== RECORDS FOR THE EXERCISE ==
(* Let $2\le m\le n$ be natural numbers with $n\equiv m \pmod{m-1}$, and let $G\le\operatorname{Sym}(m)$. Then there exists $H\le\operatorname{Sym}(n)$ such that $V_m(G)$ embeds (as a group) in $V_n(H)$.
   Context: For $r\ge 2$ let $\mathcal{A}_r=\{0,1,\dots,r-1\}$, let $\mathcal{A}_r^*$ be the set of finite words over $\mathcal{A}_r$ (including the empty word), and let $\mathfrak{C}_r=\mathcal{A}_r^{\mathbb{N}}$ (infinite words, product topology). For $u\in\mathcal{A}_r^*$ and $v$ a finite or infinite word, $uv$ denotes concatenation, and $u\le_{pref} v$ means $v=uw$ for some word $w$. A (complete) prefix code of $\mathfrak{C}_r$ is a finite set $S\subset\mathcal{A}_r^*$ such that every $\zeta\in\mathfrak{C}_r$ has exactly one $s\in S$ with $s\le_{pref}\zeta$. A permutation $\sigma\in\operatorname{Sym}(r)$ acts on words letterwise: $\sigma(z_1z_2\cdots)=\sigma(z_1)\sigma(z_2)\cdots$. For $H\le\operatorname{Sym}(r)$, the symmetric Thompson group $V_r(H)$ is the group (under composition) of homeomorphisms of $\mathfrak{C}_r$ described by tables: two prefix codes $P=\{p_1,\dots,p_k\}$ and $Q=\{q_1,\dots,q_k\}$ of $\mathfrak{C}_r$ of the same size together with $\sigma_i,\tau_i\in H$, describing the homeomorphism $p_i\,\sigma_i(u)\mapsto q_i\,\tau_i(u)$ for all $u\in\mathfrak{C}_r$ and all $i$. *)

theory Defs
  imports "HOL-Combinatorics.Permutations" "HOL-Algebra.Group"
begin

definition fwords :: "nat \<Rightarrow> nat list set" where
  "fwords r = {u. \<forall>a\<in>set u. a < r}"

definition cantor :: "nat \<Rightarrow> (nat \<Rightarrow> nat) set" where
  "cantor r = {z. \<forall>i. z i < r}"

definition cat :: "nat list \<Rightarrow> (nat \<Rightarrow> nat) \<Rightarrow> (nat \<Rightarrow> nat)" where
  "cat u z = (\<lambda>i. if i < length u then u ! i else z (i - length u))"

definition is_prefix :: "nat list \<Rightarrow> (nat \<Rightarrow> nat) \<Rightarrow> bool" where
  "is_prefix u z \<longleftrightarrow> (\<forall>i<length u. z i = u ! i)"

definition prefix_code :: "nat \<Rightarrow> nat list set \<Rightarrow> bool" where
  "prefix_code r S \<longleftrightarrow> finite S \<and> S \<subseteq> fwords r \<and>
     (\<forall>z\<in>cantor r. \<exists>!s. s \<in> S \<and> is_prefix s z)"

definition symA :: "nat \<Rightarrow> (nat \<Rightarrow> nat) monoid" where
  "symA r = \<lparr>carrier = {s. s permutes {..<r}}, mult = (\<circ>), one = id\<rparr>"

(* V_r(H): homeomorphisms of C_r given by tables (P, Q, sigma_i, tau_i),
   mapping p_i sigma_i(u) to q_i tau_i(u); represented as maps on nat sequences
   that are the identity outside C_r (so that composition is the group law). *)
definition Vset :: "nat \<Rightarrow> (nat \<Rightarrow> nat) set \<Rightarrow> ((nat \<Rightarrow> nat) \<Rightarrow> (nat \<Rightarrow> nat)) set" where
  "Vset r H = {f. \<exists>(k::nat) (p::nat \<Rightarrow> nat list) (q::nat \<Rightarrow> nat list)
                   (\<sigma>::nat \<Rightarrow> nat \<Rightarrow> nat) (\<tau>::nat \<Rightarrow> nat \<Rightarrow> nat).
       inj_on p {..<k} \<and> inj_on q {..<k} \<and>
       prefix_code r (p ` {..<k}) \<and> prefix_code r (q ` {..<k}) \<and>
       (\<forall>i<k. \<sigma> i \<in> H \<and> \<tau> i \<in> H) \<and>
       (\<forall>i<k. \<forall>u\<in>cantor r. f (cat (p i) (\<sigma> i \<circ> u)) = cat (q i) (\<tau> i \<circ> u)) \<and>
       (\<forall>z. z \<notin> cantor r \<longrightarrow> f z = z)}"

definition Vgrp :: "nat \<Rightarrow> (nat \<Rightarrow> nat) set \<Rightarrow> ((nat \<Rightarrow> nat) \<Rightarrow> (nat \<Rightarrow> nat)) monoid" where
  "Vgrp r H = \<lparr>carrier = Vset r H, mult = (\<circ>), one = id\<rparr>"

end

theory Submission
  imports Defs "HOL-Algebra.Sym_Groups"
begin

(* Write n = 1 + d (m - 1).  A cell is a family of d pairwise incomparable words of the n-ary tree.
   Replacing the first word of a cell by its n children gives n + d - 1 = m d words, that is, m new
   cells; iterating, the cones below a cell carry a copy of the m-ary Cantor space in which moving the
   subcone of one cell to that of another is an n-ary prefix replacement.  Take one such copy for each
   g in G and store the point z in it as g o z.  A table entry f (a v) = b (rho v) of f in V_m(G) then
   sends the cell labelled a in copy g to the cell labelled b in copy g o rho^-1: the permutation rho
   is absorbed by the change of copy.  So f acts on the union of the copies by prefix replacements
   alone, and extending by the identity on the rest of C_n embeds V_m(G) into V_n(1). *)

lemma is_prefix_appendD: "is_prefix (u @ v) y \<Longrightarrow> is_prefix u y"
  by (auto simp: is_prefix_def nth_append)

lemma is_prefix_snoc_iff: "is_prefix (u @ [b]) y \<longleftrightarrow> is_prefix u y \<and> y (length u) = b"
  by (auto simp: is_prefix_def nth_append less_Suc_eq)

lemma is_prefix_cat: "is_prefix u (cat u z)"
  by (auto simp: is_prefix_def cat_def)

lemma cat_prefix_suffix: "is_prefix u y \<Longrightarrow> cat u (\<lambda>i. y (i + length u)) = y"
  by (auto simp: is_prefix_def cat_def fun_eq_iff)

lemma suffix_cat: "(\<lambda>i. cat u z (i + length u)) = z"
  by (auto simp: cat_def fun_eq_iff)

lemma cat_append: "cat (u @ v) z = cat u (cat v z)"
  by (auto simp: cat_def fun_eq_iff nth_append)

lemma comp_cat: "g \<circ> cat u z = cat (map g u) (g \<circ> z)"
  by (auto simp: cat_def fun_eq_iff)

lemma cat_in_cantor: "u \<in> fwords r \<Longrightarrow> z \<in> cantor r \<Longrightarrow> cat u z \<in> cantor r"
  by (auto simp: cat_def cantor_def fwords_def)

lemma is_prefix_same_length: "is_prefix u z \<Longrightarrow> is_prefix v z \<Longrightarrow> length u = length v \<Longrightarrow> u = v"
  by (auto simp: is_prefix_def intro: nth_equalityI)

lemma is_prefix_take:
  "is_prefix u z \<Longrightarrow> is_prefix v z \<Longrightarrow> length u \<le> length v \<Longrightarrow> u = take (length u) v"
  by (auto simp: is_prefix_def intro!: nth_equalityI)

lemma is_prefix_append_drop:
  "is_prefix u z \<Longrightarrow> is_prefix v z \<Longrightarrow> length u \<le> length v \<Longrightarrow> v = u @ drop (length u) v"
  by (metis append_take_drop_id is_prefix_take)

lemma cat_const_cancel:
  assumes "cat u (\<lambda>_. a) = cat v (\<lambda>_. a')" "cat u (\<lambda>_. b) = cat v (\<lambda>_. b')" "a \<noteq> b" "a' \<noteq> b'"
  shows "u = v \<and> a = a'"
proof -
  have at: "cat u (\<lambda>_. a) i = cat v (\<lambda>_. a') i" "cat u (\<lambda>_. b) i = cat v (\<lambda>_. b') i" for i
    using assms(1,2) by simp_all
  have "length u = length v"
    using at[of "length u"] at[of "length v"] assms(3,4) by (auto simp: cat_def split: if_splits)
  moreover have "u ! i = v ! i" if "i < length u" for i
    using at[of i] that \<open>length u = length v\<close> by (simp add: cat_def)
  ultimately show ?thesis
    using at[of "length u"] by (simp add: cat_def nth_equalityI)
qed

lemma cat_cancel: "2 \<le> r \<Longrightarrow> (\<forall>t\<in>cantor r. cat u t = cat v t) \<Longrightarrow> u = v"
  using cat_const_cancel[of u 0 v 0 1 1] by (auto simp: cantor_def)

lemma cat_permutes_cancel:
  assumes "\<rho> permutes {..<r}" "\<rho>' permutes {..<r}" "2 \<le> r"
    and "\<forall>v\<in>cantor r. cat u (\<rho> \<circ> v) = cat u' (\<rho>' \<circ> v)"
  shows "u = u' \<and> \<rho> = \<rho>'"
proof -
  have const: "cat u (\<lambda>_. \<rho> c) = cat u' (\<lambda>_. \<rho>' c)" if "c < r" for c
    using assms(4) that by (auto simp: cantor_def comp_def)
  have "\<rho> 0 \<noteq> \<rho> 1" "\<rho>' 0 \<noteq> \<rho>' 1"
    using assms(1,2) by (metis permutes_inverses(2) zero_neq_one)+
  then have u: "u = u'"
    using cat_const_cancel[OF const[of 0] const[of 1]] assms(3) by simp
  have "\<rho> c = \<rho>' c" for c
  proof (cases "c < r")
    case True
    then show ?thesis using fun_cong[OF const[OF True], of "length u"] u by (simp add: cat_def)
  next
    case False
    then show ?thesis using assms(1,2) by (simp add: permutes_def)
  qed
  then show ?thesis using u by auto
qed

lemma prefix_code_unique:
  "prefix_code r S \<Longrightarrow> z \<in> cantor r \<Longrightarrow> s \<in> S \<Longrightarrow> s' \<in> S \<Longrightarrow> is_prefix s z \<Longrightarrow> is_prefix s' z \<Longrightarrow> s = s'"
  unfolding prefix_code_def by blast

lemma is_prefix_replicate_iff: "is_prefix (replicate i 0) z \<longleftrightarrow> (\<forall>l<i. z l = 0)"
  by (auto simp: is_prefix_def)

lemma is_prefix_replicate_snoc_iff:
  "is_prefix (replicate i 0 @ [b]) z \<longleftrightarrow> (\<forall>l<i. z l = 0) \<and> z i = b"
  by (auto simp: is_prefix_def nth_append less_Suc_eq)

lemma replicate_snoc_prefix_unique:
  "is_prefix (replicate i 0 @ [b]) z \<Longrightarrow> is_prefix (replicate i' 0 @ [b']) z \<Longrightarrow> 0 < b \<Longrightarrow> 0 < b'
   \<Longrightarrow> i = i' \<and> b = b'"
  unfolding is_prefix_replicate_snoc_iff by (metis linorder_neqE_nat less_numeral_extra(3))

lemma replicate_snoc_prefix_replicate:
  "is_prefix (replicate i 0 @ [b]) z \<Longrightarrow> is_prefix (replicate N 0) z \<Longrightarrow> 0 < b \<Longrightarrow> N \<le> i"
  unfolding is_prefix_replicate_snoc_iff is_prefix_replicate_iff by (metis not_le less_numeral_extra(3))

lemma group_symA: "group (symA r)"
proof (rule groupI)
  fix g assume "g \<in> carrier (symA r)"
  then have "inv' g \<in> carrier (symA r) \<and> inv' g \<otimes>\<^bsub>symA r\<^esub> g = \<one>\<^bsub>symA r\<^esub>"
    by (simp add: symA_def permutes_inv permutes_inv_o)
  then show "\<exists>h\<in>carrier (symA r). h \<otimes>\<^bsub>symA r\<^esub> g = \<one>\<^bsub>symA r\<^esub>" by blast
qed (auto simp: symA_def permutes_compose comp_assoc)

lemma symA_inv: "g permutes {..<r} \<Longrightarrow> inv\<^bsub>symA r\<^esub> g = inv' g"
  by (rule group.inv_equality[OF group_symA]) (simp_all add: symA_def permutes_inv permutes_inv_o)

lemma finite_subgroup_symA: "subgroup G (symA r) \<Longrightarrow> finite G"
proof -
  assume "subgroup G (symA r)"
  then have "G \<subseteq> {g. g permutes {..<r}}"
    using subgroup.subset by (fastforce simp: symA_def)
  then show "finite G"
    using finite_permutations[of "{..<r}"] finite_subset by blast
qed

lemma subgroup_trivial_symA: "subgroup {id} (symA r)"
  using group.triv_subgroup[OF group_symA] by (simp add: symA_def)

lemma Vset_outside: "f \<in> Vset r H \<Longrightarrow> z \<notin> cantor r \<Longrightarrow> f z = z"
  by (auto simp: Vset_def)

lemma inj_on_fst_pairs_Un_diag:
  assumes "inj_on P A" "P ` A \<inter> C = {}"
  shows "inj_on fst ((\<lambda>x. (P x, Q x)) ` A \<union> (\<lambda>c. (c, c)) ` C)"
proof (rule inj_onI)
  fix u v
  assume "u \<in> (\<lambda>x. (P x, Q x)) ` A \<union> (\<lambda>c. (c, c)) ` C" "v \<in> (\<lambda>x. (P x, Q x)) ` A \<union> (\<lambda>c. (c, c)) ` C"
    and "fst u = fst v"
  then show "u = v"
    using assms by (elim UnE imageE) (auto simp: inj_on_eq_iff)
qed

lemma inj_on_snd_pairs_Un_diag:
  assumes "inj_on Q A" "Q ` A \<inter> C = {}"
  shows "inj_on snd ((\<lambda>x. (P x, Q x)) ` A \<union> (\<lambda>c. (c, c)) ` C)"
proof (rule inj_onI)
  fix u v
  assume "u \<in> (\<lambda>x. (P x, Q x)) ` A \<union> (\<lambda>c. (c, c)) ` C" "v \<in> (\<lambda>x. (P x, Q x)) ` A \<union> (\<lambda>c. (c, c)) ` C"
    and "snd u = snd v"
  then show "u = v"
    using assms by (elim UnE imageE) (auto simp: inj_on_eq_iff)
qed

lemma Vset_intro_pairs:
  assumes "finite E" "inj_on fst E" "inj_on snd E" "prefix_code r (fst ` E)" "prefix_code r (snd ` E)"
    and "id \<in> H"
    and "\<And>P Q u. (P, Q) \<in> E \<Longrightarrow> u \<in> cantor r \<Longrightarrow> F (cat P u) = cat Q u"
    and "\<And>z. z \<notin> cantor r \<Longrightarrow> F z = z"
  shows "F \<in> Vset r H"
proof -
  obtain e where "bij_betw e {..<card E} E"
    using ex_bij_betw_nat_finite[OF assms(1)] by (auto simp: lessThan_atLeast0)
  then have e: "inj_on e {..<card E}" "e ` {..<card E} = E"
    by (simp_all add: bij_betw_def)
  have "inj_on (fst \<circ> e) {..<card E}" "inj_on (snd \<circ> e) {..<card E}"
    using comp_inj_on[OF e(1)] assms(2,3) e(2) by simp_all
  moreover have "(fst \<circ> e) ` {..<card E} = fst ` E" "(snd \<circ> e) ` {..<card E} = snd ` E"
    unfolding image_comp[symmetric] e(2) by (rule refl)+
  moreover have "F (cat ((fst \<circ> e) i) (id \<circ> u)) = cat ((snd \<circ> e) i) (id \<circ> u)"
    if "i < card E" "u \<in> cantor r" for i u
    using assms(7)[of "fst (e i)" "snd (e i)" u] e(2) that by auto
  ultimately show ?thesis
    unfolding Vset_def using assms(4-6,8)
    by (intro CollectI exI[of _ "card E"] exI[of _ "fst \<circ> e"] exI[of _ "snd \<circ> e"] exI[of _ "\<lambda>_. id"]) auto
qed

section \<open>Cells\<close>

(* The cell w consists of the d words w 0, ..., w (d - 1).  Listing w 1, ..., w (d - 1) followed by
   the n children w 0 @ [b] gives n + d - 1 = m d words; cell_step d w c is the c-th block of d of them. *)

definition cell_step :: "nat \<Rightarrow> (nat \<Rightarrow> nat list) \<Rightarrow> nat \<Rightarrow> nat \<Rightarrow> nat list" where
  "cell_step d w c j =
     (if c * d + j < d - 1 then w (c * d + j + 1) else w 0 @ [c * d + j - (d - 1)])"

== PROBLEM DESCRIPTION ==
In the entries above, count each line with "inter"; reply with the total only.

== SOLUTION ==
2